— ACTIVITY —
Collect all lines below with the string "subseteq".

Records from a data source:

Start of Block

(* Let $\mathbf{A}\in\mathbb{Z}^{m\times n}$ have at least one nonzero entry in every row and column, and let $\mathbf{A}^{Z}=\begin{pmatrix}\mathbf{A} & -\mathbf{A}\mathbf{1}\end{pmatrix}\in\mathbb{Z}^{m\times(n+1)}$, where $\mathbf{1}\in\mathbb{R}^n$ is the all-ones vector. Then there is an absolute constant $C$ such that $\kappa(\mathbf{A}^{Z})\le C\,n^{3/2}\,\kappa(\mathbf{A})$.
   Context: For a nonzero matrix $\mathbf{M}$, $\kappa(\mathbf{M})=\sigma_{\max}(\mathbf{M})/\sigma_{\min}(\mathbf{M})$, where $\sigma_{\max}$ is the largest singular value and $\sigma_{\min}$ the smallest nonzero singular value. *)

theory Defs
  imports "Jordan_Normal_Form.Char_Poly"
begin

definition pos_singular_values :: "real mat \<Rightarrow> real set" where
  "pos_singular_values M = {s. s > 0 \<and> eigenvalue (transpose_mat M * M) (s^2)}"

definition cond_num :: "real mat \<Rightarrow> real" where
  "cond_num M = Max (pos_singular_values M) / Min (pos_singular_values M)"

definition AZ :: "int mat \<Rightarrow> int mat" where
  "AZ A = mat (dim_row A) (dim_col A + 1)
     (\<lambda>(i,j). if j < dim_col A then A $$ (i,j) else - (\<Sum>k<dim_col A. A $$ (i,k)))"

end

theory Submission
  imports Defs "HOL-Analysis.Function_Topology"
begin

text \<open>Write \<open>A\<^sup>Z = A B\<close> with \<open>B = (I | -\<one>)\<close>. Since \<open>\<parallel>B v\<parallel>\<^sup>2 \<le> 2(n+1) \<parallel>v\<parallel>\<^sup>2\<close>, the
  largest singular value grows by at most the factor \<open>sqrt (2(n+1))\<close>. Since \<open>B\<^sup>T u = (u, -\<Sum>u)\<close>
  never shortens \<open>u\<close>, a nonzero singular value \<open>s\<close> of \<open>A B\<close> with eigenvector \<open>v\<close> of
  \<open>(A B)\<^sup>T A B\<close> satisfies, for \<open>w = B v\<close>,
  \<open>\<sigma>\<^sub>m\<^sub>i\<^sub>n(A)\<^sup>2 \<parallel>A w\<parallel>\<^sup>2 \<le> \<parallel>A\<^sup>T A w\<parallel>\<^sup>2 \<le> \<parallel>B\<^sup>T A\<^sup>T A w\<parallel>\<^sup>2 = s\<^sup>2 \<parallel>A w\<parallel>\<^sup>2\<close>, so the smallest
  nonzero singular value does not drop. Singular values are handled through an orthonormal
  eigenbasis of \<open>M\<^sup>T M\<close>, which is obtained from the variational proof of the spectral theorem.\<close>

section \<open>Euclidean structure of real vectors\<close>

lemma scalar_prod_self_nonneg: "0 \<le> (v :: real vec) \<bullet> v"
  using conjugate_square_ge_0_vec[of v] by simp
lemma TT_has_derivative_det:
  assumes k0: "k0 > 0" and s: "s \<in> {1, -1}" and m: "norm m = 1"
    and \<alpha>: "\<And>t. t \<in> {0..L} \<Longrightarrow> (\<alpha> has_real_derivative \<alpha>' t) (at t within {0..L})"
    and n: "\<forall>t \<in> {0..L}. n t = m"
    and v: "v \<in> UU k0 L"
  shows "\<exists>D. (TT k0 n \<alpha> s has_derivative D) (at v within UU k0 L) \<and>
           \<bar>det (matrix D)\<bar> =
             k0 * \<bar>\<alpha>' (v$3)\<bar> * \<bar>(n (v$3))$2 * v$1 - (n (v$3))$1 * v$2\<bar> / kappa k0 (v$1) (v$2)"
proof -
  define kk where "kk = kappa k0 (v$1) (v$2)"
  define D\<^sub>0 where "D\<^sub>0 = (\<lambda>h::real^3. vector [h$1, h$2, - s * (v$1 * h$1 + v$2 * h$2) / kk]
                           - (\<alpha>' (v$3) * h$3) *\<^sub>R cross3 m (ewald_pt k0 s v))"
  have v_in: "(v$1)^2 + (v$2)^2 < k0^2" "v$3 \<in> {0..L}" using v by (auto simp: UU_def)
  then have kk: "kk > 0" "kk^2 = k0^2 - (v$1)^2 - (v$2)^2" by (simp_all add: kk_def kappa_def)
  have d\<alpha>: "((\<lambda>w::real^3. \<alpha> (w$3)) has_derivative (\<lambda>h. \<alpha>' (v$3) * h$3)) (at v within UU k0 L)"
  proof (rule has_derivative_in_compose2[where g = \<alpha> and g' = "\<lambda>t. (*) (\<alpha>' t)"
                                           and t = "{0..L}" and f' = "\<lambda>h. h$3"])
    show "(\<alpha> has_derivative (*) (\<alpha>' t)) (at t within {0..L})" if "t \<in> {0..L}" for t
      using \<alpha>[OF that] by (simp add: has_field_derivative_def)
    show "((\<lambda>w::real^3. w$3) has_derivative (\<lambda>h. h$3)) (at v within UU k0 L)"
      by (rule bounded_linear.has_derivative[OF bounded_linear_vec_nth has_derivative_ident])
  qed (use v in \<open>auto simp: UU_def\<close>)
  have "((\<lambda>w. rot m (\<alpha> (w$3)) (ewald_pt k0 s w)) has_derivative (\<lambda>h. rot m (\<alpha> (v$3)) (D\<^sub>0 h)))
          (at v within UU k0 L)"
    unfolding D\<^sub>0_def kk_def
    by (rule has_derivative_rot[OF m d\<alpha> has_derivative_ewald_pt[OF v_in(1)]])
  then have dT: "(TT k0 n \<alpha> s has_derivative (\<lambda>h. rot m (\<alpha> (v$3)) (D\<^sub>0 h))) (at v within UU k0 L)"
    by (rule has_derivative_transform_within[OF _ zero_less_one v])
       (rule TT_eq_rot_ewald_pt[OF n, symmetric])
  have "linear D\<^sub>0"
    by (rule linearI) (simp_all add: D\<^sub>0_def vec_eq_iff forall_3 algebra_simps flip: add_divide_distrib)
  then have "det (matrix (\<lambda>h. rot m (\<alpha> (v$3)) (D\<^sub>0 h))) = det (matrix D\<^sub>0)"
    by (rule det_matrix_rot_comp[OF m])
  also have "\<dots> = s * k0 * \<alpha>' (v$3) * (m$2 * v$1 - m$1 * v$2) / kk"
    unfolding D\<^sub>0_def ewald_pt_def kk_def[symmetric]
    by (rule det_ewald_jacobian) (use kk s in auto)
  finally show ?thesis
    using dT s k0 kk bspec[OF n v_in(2)] by (auto simp: abs_mult kk_def)
qed

section \<open>Counting preimages\<close>

lemma cos_sin_double_sub:
  fixes p q \<theta> :: real
  shows "p * cos (2 * \<theta>) + q * sin (2 * \<theta>) - p = 2 * sin \<theta> * (q * cos \<theta> - p * sin \<theta>)"
  unfolding cos_double_sin sin_double by (simp add: algebra_simps power2_eq_square)

lemma cos_sin_root_unique:
  fixes p q :: real
  assumes "q \<noteq> 0" "q * cos \<theta> = p * sin \<theta>" "q * cos \<theta>' = p * sin \<theta>'" "\<bar>\<theta> - \<theta>'\<bar> < pi"
  shows "\<theta> = \<theta>'"
proof -
  have "q * sin (\<theta> - \<theta>') = sin \<theta> * (q * cos \<theta>') - (q * cos \<theta>) * sin \<theta>'"
    by (simp add: sin_diff algebra_simps)
  also have "\<dots> = 0" using assms(2,3) by simp
  finally have "sin (\<theta> - \<theta>') = 0" using assms(1) by simp
  then show ?thesis using sin_eq_0_pi[of "\<theta> - \<theta>'"] assms(4) by force
qed

lemma card_cos_sin_eq_solutions:
  fixes a p q :: real
  assumes a: "0 < a" "a < 2 * pi" and q: "q \<noteq> 0" and nondeg: "q * cos (a/2) \<noteq> p * sin (a/2)"
  shows "card {b \<in> {0..2*pi}. p * cos (a - b) + q * sin (a - b) = p} = 2"
proof -
  \<comment> \<open>With \<open>\<theta> = (a - b)/2\<close> the equation reads \<open>sin \<theta> * g \<theta> = 0\<close>, and \<open>\<theta>\<close> ranges over an
      interval of length \<open>pi\<close> containing exactly one zero of each factor.\<close>
  define g where "g \<theta> = q * cos \<theta> - p * sin \<theta>" for \<theta>
  have "continuous_on {a/2 - pi..a/2} g" unfolding g_def by (intro continuous_intros)
  moreover have "g (a/2 - pi) = - g (a/2)" "g (a/2) \<noteq> 0"
    using nondeg by (simp_all add: g_def cos_diff sin_diff)
  ultimately obtain \<theta>\<^sub>2 where \<theta>\<^sub>2: "a/2 - pi \<le> \<theta>\<^sub>2" "\<theta>\<^sub>2 \<le> a/2" "g \<theta>\<^sub>2 = 0"
    using IVT'[of g "a/2 - pi" 0 "a/2"] IVT2'[of g "a/2" 0 "a/2 - pi"]
    by (cases "g (a/2) > 0") (auto simp: not_less)
  then have \<theta>\<^sub>2_strict: "a/2 - pi < \<theta>\<^sub>2" "\<theta>\<^sub>2 < a/2" "\<theta>\<^sub>2 \<noteq> 0"
    using \<open>g (a/2) \<noteq> 0\<close> \<open>g (a/2 - pi) = - g (a/2)\<close> q by (auto simp: g_def le_less)
  have "{b \<in> {0..2*pi}. p * cos (a - b) + q * sin (a - b) = p} = {a, a - 2 * \<theta>\<^sub>2}"
  proof (intro set_eqI iffI)
    fix b assume "b \<in> {b \<in> {0..2*pi}. p * cos (a - b) + q * sin (a - b) = p}"
    then have b: "0 \<le> b" "b \<le> 2 * pi" and "p * cos (a - b) + q * sin (a - b) - p = 0"
      by auto
    moreover have "2 * ((a - b)/2) = a - b" by simp
    note cos_sin_double_sub[of p "(a - b)/2" q, unfolded this]
    ultimately have "sin ((a - b)/2) = 0 \<or> g ((a - b)/2) = 0" by (simp add: g_def)
    then show "b \<in> {a, a - 2 * \<theta>\<^sub>2}"
    proof
      assume "sin ((a - b)/2) = 0"
      moreover have "- pi < (a - b)/2" "(a - b)/2 < pi" using a b by simp_all
      ultimately have "(a - b)/2 = 0" using sin_eq_0_pi by blast
      then show ?thesis by simp
    next
      assume root: "g ((a - b)/2) = 0"
      have "\<bar>(a - b)/2 - \<theta>\<^sub>2\<bar> < pi"
        using b \<theta>\<^sub>2_strict by (simp add: abs_less_iff field_simps)
      then have "(a - b)/2 = \<theta>\<^sub>2"
        by (rule cos_sin_root_unique[where p = p, OF q, rotated 2]) (use root \<theta>\<^sub>2(3) in \<open>simp_all add: g_def\<close>)
      then show ?thesis by simp
    qed
  next
    fix b assume "b \<in> {a, a - 2 * \<theta>\<^sub>2}"
    moreover have "p * cos (2 * \<theta>\<^sub>2) + q * sin (2 * \<theta>\<^sub>2) = p"
      using cos_sin_double_sub[of p "\<theta>\<^sub>2" q] \<theta>\<^sub>2(3) by (simp add: g_def)
    moreover have "0 \<le> a - 2 * \<theta>\<^sub>2" "a - 2 * \<theta>\<^sub>2 \<le> 2 * pi" using \<theta>\<^sub>2 by simp_all
    ultimately show "b \<in> {b \<in> {0..2*pi}. p * cos (a - b) + q * sin (a - b) = p}"
      using a by auto
  qed
  then show ?thesis using \<theta>\<^sub>2_strict by simp
qed

lemma strict_mono_on_bij_betw_Icc:
  fixes f :: "real \<Rightarrow> real"
  assumes "strict_mono_on {a..b} f" "continuous_on {a..b} f" "a \<le> b"
  shows "bij_betw f {a..b} {f a..f b}"
proof (rule bij_betw_imageI)
  show "inj_on f {a..b}" using assms(1) by (rule strict_mono_on_imp_inj_on)
  have "mono_on {a..b} f" using assms(1) by (rule strict_mono_on_imp_mono_on)
  then have "f ` {a..b} \<subseteq> {f a..f b}" using assms(3) by (auto elim!: mono_onD)
  moreover have "{f a..f b} \<subseteq> f ` {a..b}" using IVT'[OF _ _ assms(3,2)] by fastforce
  ultimately show "f ` {a..b} = {f a..f b}" by blast
qed

lemma TT_preimage_eq:
  fixes \<alpha> :: "real \<Rightarrow> real"
  assumes k0: "k0 \<noteq> 0" and s: "s \<in> {1, -1}" and m: "norm m = 1"
    and n: "\<forall>t \<in> {0..L}. n t = m" and v: "v \<in> UU k0 L"
  defines "y \<equiv> ewald_pt k0 s v" and "a \<equiv> \<alpha> (v$3)"
  shows "{w \<in> UU k0 L. TT k0 n \<alpha> s w = TT k0 n \<alpha> s v} =
           (\<lambda>t. vector [(rot m (a - \<alpha> t) y)$1, (rot m (a - \<alpha> t) y)$2, t]) `
           {t \<in> {0..L}. (y \<bullet> e3_perp m) * cos (a - \<alpha> t) + (y \<bullet> cross3 m e3) * sin (a - \<alpha> t)
                         = y \<bullet> e3_perp m}"
    (is "?P = ?lift ` ?T")
proof (intro set_eqI iffI)
  have y_sphere: "y \<bullet> y + 2 * k0 * y$3 = 0" unfolding y_def by (rule ewald_pt_sphere[OF v s])
  fix w assume "w \<in> ?P"
  then have w: "w \<in> UU k0 L" and "rot m (\<alpha> (w$3)) (ewald_pt k0 s w) = rot m a y"
    by (auto simp: TT_eq_rot_ewald_pt[OF n] v a_def y_def)
  then have "rot m (- \<alpha> (w$3)) (rot m (\<alpha> (w$3)) (ewald_pt k0 s w)) = rot m (- \<alpha> (w$3)) (rot m a y)"
    by simp
  then have ew: "ewald_pt k0 s w = rot m (a - \<alpha> (w$3)) y" by (simp add: rot_add[OF m])
  have "rot m (a - \<alpha> (w$3)) y \<bullet> rot m (a - \<alpha> (w$3)) y + 2 * k0 * (rot m (a - \<alpha> (w$3)) y)$3 = 0"
    using ewald_pt_sphere[OF w s] unfolding ew .
  then have "2 * k0 * (rot m (a - \<alpha> (w$3)) y)$3 = 2 * k0 * y$3"
    using y_sphere unfolding inner_rot_rot[OF m] by linarith
  then have "(rot m (a - \<alpha> (w$3)) y)$3 = y$3" using k0 by simp
  then have "w$3 \<in> ?T" using w by (simp add: rot_nth3_eq_iff[OF m] UU_def)
  moreover have "w = ?lift (w$3)" by (simp add: ew[symmetric] ewald_pt_def vec_eq_iff forall_3)
  ultimately show "w \<in> ?lift ` ?T" by blast
next
  fix w assume "w \<in> ?lift ` ?T"
  then obtain t where t: "t \<in> {0..L}" and w: "w = ?lift t"
    and "(rot m (a - \<alpha> t) y)$3 = y$3" by (auto simp: rot_nth3_eq_iff[OF m])
  then have wU: "w \<in> UU k0 L" and ew: "ewald_pt k0 s w = rot m (a - \<alpha> t) y"
    using ewald_pt_same_height[OF v t, of "rot m (a - \<alpha> t) y" s]
    by (simp_all add: inner_rot_rot[OF m] y_def)
  have "TT k0 n \<alpha> s w = rot m (\<alpha> (w$3)) (ewald_pt k0 s w)"
    using TT_eq_rot_ewald_pt[OF n wU] .
  also have "\<dots> = rot m (\<alpha> t) (rot m (a - \<alpha> t) y)" unfolding ew by (simp add: w)
  also have "\<dots> = TT k0 n \<alpha> s v" by (simp add: rot_add[OF m] TT_eq_rot_ewald_pt[OF n v] a_def y_def)
  finally show "w \<in> ?P" using wU by blast
qed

End of Block

— ANSWER FOR THIS EXERCISE —
  then have "f ` {a..b} \<subseteq> {f a..f b}" using assms(3) by (auto elim!: mono_onD)
  moreover have "{f a..f b} \<subseteq> f ` {a..b}" using IVT'[OF _ _ assms(3,2)] by fastforce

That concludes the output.